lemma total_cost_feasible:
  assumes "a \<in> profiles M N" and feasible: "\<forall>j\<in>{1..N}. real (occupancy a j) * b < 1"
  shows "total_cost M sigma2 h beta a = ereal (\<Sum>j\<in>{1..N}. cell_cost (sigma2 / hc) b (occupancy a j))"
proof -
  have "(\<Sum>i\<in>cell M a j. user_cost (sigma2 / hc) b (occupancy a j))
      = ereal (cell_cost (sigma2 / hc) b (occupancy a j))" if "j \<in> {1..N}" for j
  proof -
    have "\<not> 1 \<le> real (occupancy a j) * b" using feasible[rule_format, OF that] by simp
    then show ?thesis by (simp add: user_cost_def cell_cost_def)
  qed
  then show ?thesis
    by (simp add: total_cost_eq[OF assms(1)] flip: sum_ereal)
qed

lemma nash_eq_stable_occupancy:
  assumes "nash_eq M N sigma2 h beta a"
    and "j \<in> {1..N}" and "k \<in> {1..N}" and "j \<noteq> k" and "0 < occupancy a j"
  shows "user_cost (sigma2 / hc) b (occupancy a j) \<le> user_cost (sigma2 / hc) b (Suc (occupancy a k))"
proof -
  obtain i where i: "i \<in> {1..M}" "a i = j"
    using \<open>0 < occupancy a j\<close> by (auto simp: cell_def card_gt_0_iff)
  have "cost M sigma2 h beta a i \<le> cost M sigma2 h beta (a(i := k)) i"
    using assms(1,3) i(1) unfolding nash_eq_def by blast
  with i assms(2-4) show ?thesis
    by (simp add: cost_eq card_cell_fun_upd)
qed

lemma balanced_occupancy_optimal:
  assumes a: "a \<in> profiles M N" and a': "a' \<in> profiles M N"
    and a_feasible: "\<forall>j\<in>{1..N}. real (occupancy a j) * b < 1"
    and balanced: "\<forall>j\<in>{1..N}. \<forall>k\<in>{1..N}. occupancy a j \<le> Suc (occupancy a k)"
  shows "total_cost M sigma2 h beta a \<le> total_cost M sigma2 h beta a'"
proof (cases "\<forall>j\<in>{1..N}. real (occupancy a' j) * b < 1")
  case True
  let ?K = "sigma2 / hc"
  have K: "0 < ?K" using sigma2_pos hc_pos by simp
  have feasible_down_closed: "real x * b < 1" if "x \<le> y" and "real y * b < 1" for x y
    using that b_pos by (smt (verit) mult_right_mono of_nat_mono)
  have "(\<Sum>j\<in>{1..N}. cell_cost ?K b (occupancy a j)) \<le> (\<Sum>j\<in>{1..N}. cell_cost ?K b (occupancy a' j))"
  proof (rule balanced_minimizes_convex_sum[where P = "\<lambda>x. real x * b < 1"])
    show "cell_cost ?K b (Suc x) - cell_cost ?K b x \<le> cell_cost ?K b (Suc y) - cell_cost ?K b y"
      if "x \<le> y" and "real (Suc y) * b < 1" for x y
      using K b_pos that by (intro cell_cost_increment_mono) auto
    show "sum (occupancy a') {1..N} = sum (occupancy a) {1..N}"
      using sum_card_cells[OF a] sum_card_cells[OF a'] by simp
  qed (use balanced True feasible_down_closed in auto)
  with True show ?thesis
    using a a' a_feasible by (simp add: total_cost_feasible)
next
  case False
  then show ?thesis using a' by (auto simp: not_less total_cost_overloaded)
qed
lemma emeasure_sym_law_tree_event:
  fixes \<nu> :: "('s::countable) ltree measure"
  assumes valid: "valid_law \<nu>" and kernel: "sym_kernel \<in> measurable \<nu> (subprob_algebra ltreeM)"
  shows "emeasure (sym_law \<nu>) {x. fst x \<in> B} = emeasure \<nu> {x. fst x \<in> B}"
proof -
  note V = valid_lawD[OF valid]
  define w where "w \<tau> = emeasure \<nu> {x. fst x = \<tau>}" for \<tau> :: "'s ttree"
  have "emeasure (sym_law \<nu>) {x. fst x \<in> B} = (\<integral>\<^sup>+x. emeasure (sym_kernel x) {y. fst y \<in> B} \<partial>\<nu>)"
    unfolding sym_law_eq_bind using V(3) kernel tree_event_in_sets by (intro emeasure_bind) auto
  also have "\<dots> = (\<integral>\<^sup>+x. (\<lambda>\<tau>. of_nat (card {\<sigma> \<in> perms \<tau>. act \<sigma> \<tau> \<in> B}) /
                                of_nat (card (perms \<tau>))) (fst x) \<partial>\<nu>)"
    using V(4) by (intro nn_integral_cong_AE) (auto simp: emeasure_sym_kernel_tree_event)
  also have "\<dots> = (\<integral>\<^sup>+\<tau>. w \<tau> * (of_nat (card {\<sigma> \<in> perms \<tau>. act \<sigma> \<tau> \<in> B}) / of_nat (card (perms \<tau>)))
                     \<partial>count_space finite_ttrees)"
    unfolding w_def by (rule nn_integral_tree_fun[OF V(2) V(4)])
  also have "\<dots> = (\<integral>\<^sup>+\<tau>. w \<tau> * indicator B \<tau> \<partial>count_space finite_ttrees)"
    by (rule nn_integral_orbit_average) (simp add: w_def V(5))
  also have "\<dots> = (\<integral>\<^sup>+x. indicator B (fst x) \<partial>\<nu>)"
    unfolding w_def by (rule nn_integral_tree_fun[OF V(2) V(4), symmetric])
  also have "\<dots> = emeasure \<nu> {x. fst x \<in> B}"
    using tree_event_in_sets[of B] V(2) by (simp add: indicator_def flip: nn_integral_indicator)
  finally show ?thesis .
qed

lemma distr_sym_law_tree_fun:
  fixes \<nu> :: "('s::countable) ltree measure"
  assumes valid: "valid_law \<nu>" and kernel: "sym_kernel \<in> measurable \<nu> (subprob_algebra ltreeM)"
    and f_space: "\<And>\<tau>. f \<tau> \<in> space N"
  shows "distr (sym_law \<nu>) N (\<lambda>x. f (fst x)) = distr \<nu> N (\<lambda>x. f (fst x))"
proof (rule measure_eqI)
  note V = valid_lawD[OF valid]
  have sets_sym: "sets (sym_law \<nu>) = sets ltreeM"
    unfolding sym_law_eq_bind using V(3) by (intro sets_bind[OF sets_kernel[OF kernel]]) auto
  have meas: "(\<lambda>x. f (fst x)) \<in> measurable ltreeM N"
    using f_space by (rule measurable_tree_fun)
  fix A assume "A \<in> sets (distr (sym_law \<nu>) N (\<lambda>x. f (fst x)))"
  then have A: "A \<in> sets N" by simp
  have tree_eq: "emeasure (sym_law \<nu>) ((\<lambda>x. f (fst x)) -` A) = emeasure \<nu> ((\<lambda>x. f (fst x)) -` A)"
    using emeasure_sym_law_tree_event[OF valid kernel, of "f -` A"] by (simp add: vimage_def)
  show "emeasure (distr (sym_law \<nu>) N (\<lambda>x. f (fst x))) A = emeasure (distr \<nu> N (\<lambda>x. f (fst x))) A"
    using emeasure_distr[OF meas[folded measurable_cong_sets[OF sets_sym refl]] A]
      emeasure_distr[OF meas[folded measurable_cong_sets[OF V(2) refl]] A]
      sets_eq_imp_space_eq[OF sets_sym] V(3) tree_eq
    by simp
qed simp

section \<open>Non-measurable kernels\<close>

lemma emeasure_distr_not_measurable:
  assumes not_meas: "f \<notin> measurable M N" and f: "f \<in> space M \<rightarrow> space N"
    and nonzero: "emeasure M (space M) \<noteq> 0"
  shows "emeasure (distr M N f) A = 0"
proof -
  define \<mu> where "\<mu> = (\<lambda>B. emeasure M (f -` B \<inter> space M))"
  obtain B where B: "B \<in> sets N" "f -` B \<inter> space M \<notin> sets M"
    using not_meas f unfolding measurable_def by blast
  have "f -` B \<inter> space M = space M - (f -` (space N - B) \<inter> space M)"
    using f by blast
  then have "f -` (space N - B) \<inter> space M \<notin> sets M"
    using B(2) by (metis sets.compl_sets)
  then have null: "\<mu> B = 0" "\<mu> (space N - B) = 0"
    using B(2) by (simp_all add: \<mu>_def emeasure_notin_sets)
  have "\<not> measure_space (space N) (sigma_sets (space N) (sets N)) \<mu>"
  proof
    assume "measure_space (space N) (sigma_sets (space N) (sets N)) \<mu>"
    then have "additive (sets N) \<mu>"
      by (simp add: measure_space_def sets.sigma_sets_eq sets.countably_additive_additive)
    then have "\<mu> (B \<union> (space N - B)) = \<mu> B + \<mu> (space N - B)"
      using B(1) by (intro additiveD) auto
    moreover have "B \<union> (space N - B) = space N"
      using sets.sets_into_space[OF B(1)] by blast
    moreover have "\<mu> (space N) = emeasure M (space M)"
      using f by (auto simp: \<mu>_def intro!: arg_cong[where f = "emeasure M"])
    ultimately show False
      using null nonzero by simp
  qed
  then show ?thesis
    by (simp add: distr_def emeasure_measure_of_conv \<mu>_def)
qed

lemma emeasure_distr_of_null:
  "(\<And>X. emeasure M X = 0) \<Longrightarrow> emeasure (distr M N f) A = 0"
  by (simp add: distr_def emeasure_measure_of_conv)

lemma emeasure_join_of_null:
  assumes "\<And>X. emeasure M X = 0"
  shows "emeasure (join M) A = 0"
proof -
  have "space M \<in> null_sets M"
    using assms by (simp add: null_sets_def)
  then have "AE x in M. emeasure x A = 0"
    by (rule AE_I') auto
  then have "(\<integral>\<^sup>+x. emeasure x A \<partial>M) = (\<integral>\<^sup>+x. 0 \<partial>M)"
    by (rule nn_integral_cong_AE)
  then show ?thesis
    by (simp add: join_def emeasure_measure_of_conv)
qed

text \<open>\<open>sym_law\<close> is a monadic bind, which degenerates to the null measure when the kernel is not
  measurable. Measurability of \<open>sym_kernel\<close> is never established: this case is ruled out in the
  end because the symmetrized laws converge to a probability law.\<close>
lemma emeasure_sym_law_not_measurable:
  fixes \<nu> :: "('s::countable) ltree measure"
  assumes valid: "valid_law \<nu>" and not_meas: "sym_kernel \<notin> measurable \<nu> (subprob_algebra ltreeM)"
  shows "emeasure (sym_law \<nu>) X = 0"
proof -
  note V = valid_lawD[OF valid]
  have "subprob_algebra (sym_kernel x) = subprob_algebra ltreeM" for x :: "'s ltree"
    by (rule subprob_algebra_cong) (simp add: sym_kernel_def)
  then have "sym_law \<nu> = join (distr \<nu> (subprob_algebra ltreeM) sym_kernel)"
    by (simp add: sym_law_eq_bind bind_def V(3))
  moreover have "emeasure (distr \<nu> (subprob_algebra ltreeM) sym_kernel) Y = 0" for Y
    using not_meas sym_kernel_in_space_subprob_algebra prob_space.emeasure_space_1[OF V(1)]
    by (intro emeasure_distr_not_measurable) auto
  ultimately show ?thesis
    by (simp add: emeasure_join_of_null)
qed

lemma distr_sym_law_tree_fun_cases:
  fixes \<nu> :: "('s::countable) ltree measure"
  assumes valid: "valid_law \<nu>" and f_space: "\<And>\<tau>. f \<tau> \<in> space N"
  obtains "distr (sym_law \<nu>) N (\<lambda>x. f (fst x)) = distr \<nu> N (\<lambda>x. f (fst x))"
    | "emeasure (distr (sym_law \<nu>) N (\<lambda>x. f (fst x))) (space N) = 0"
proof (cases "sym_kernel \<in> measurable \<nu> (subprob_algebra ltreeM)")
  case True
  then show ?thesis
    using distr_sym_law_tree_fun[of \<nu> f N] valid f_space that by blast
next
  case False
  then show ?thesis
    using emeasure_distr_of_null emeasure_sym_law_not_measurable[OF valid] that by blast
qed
* * * *
-- How to complete this task --
All lines above from the one containing "x) = subprob_algebra" to the one containing "using not_meas sym_kernel_in_space_subprob_algebra" must be repeated exactly, both lines included, and no others.

-- Answer section --
  have "subprob_algebra (sym_kernel x) = subprob_algebra ltreeM" for x :: "'s ltree"
    by (rule subprob_algebra_cong) (simp add: sym_kernel_def)
  then have "sym_law \<nu> = join (distr \<nu> (subprob_algebra ltreeM) sym_kernel)"
    by (simp add: sym_law_eq_bind bind_def V(3))
  moreover have "emeasure (distr \<nu> (subprob_algebra ltreeM) sym_kernel) Y = 0" for Y
    using not_meas sym_kernel_in_space_subprob_algebra prob_space.emeasure_space_1[OF V(1)]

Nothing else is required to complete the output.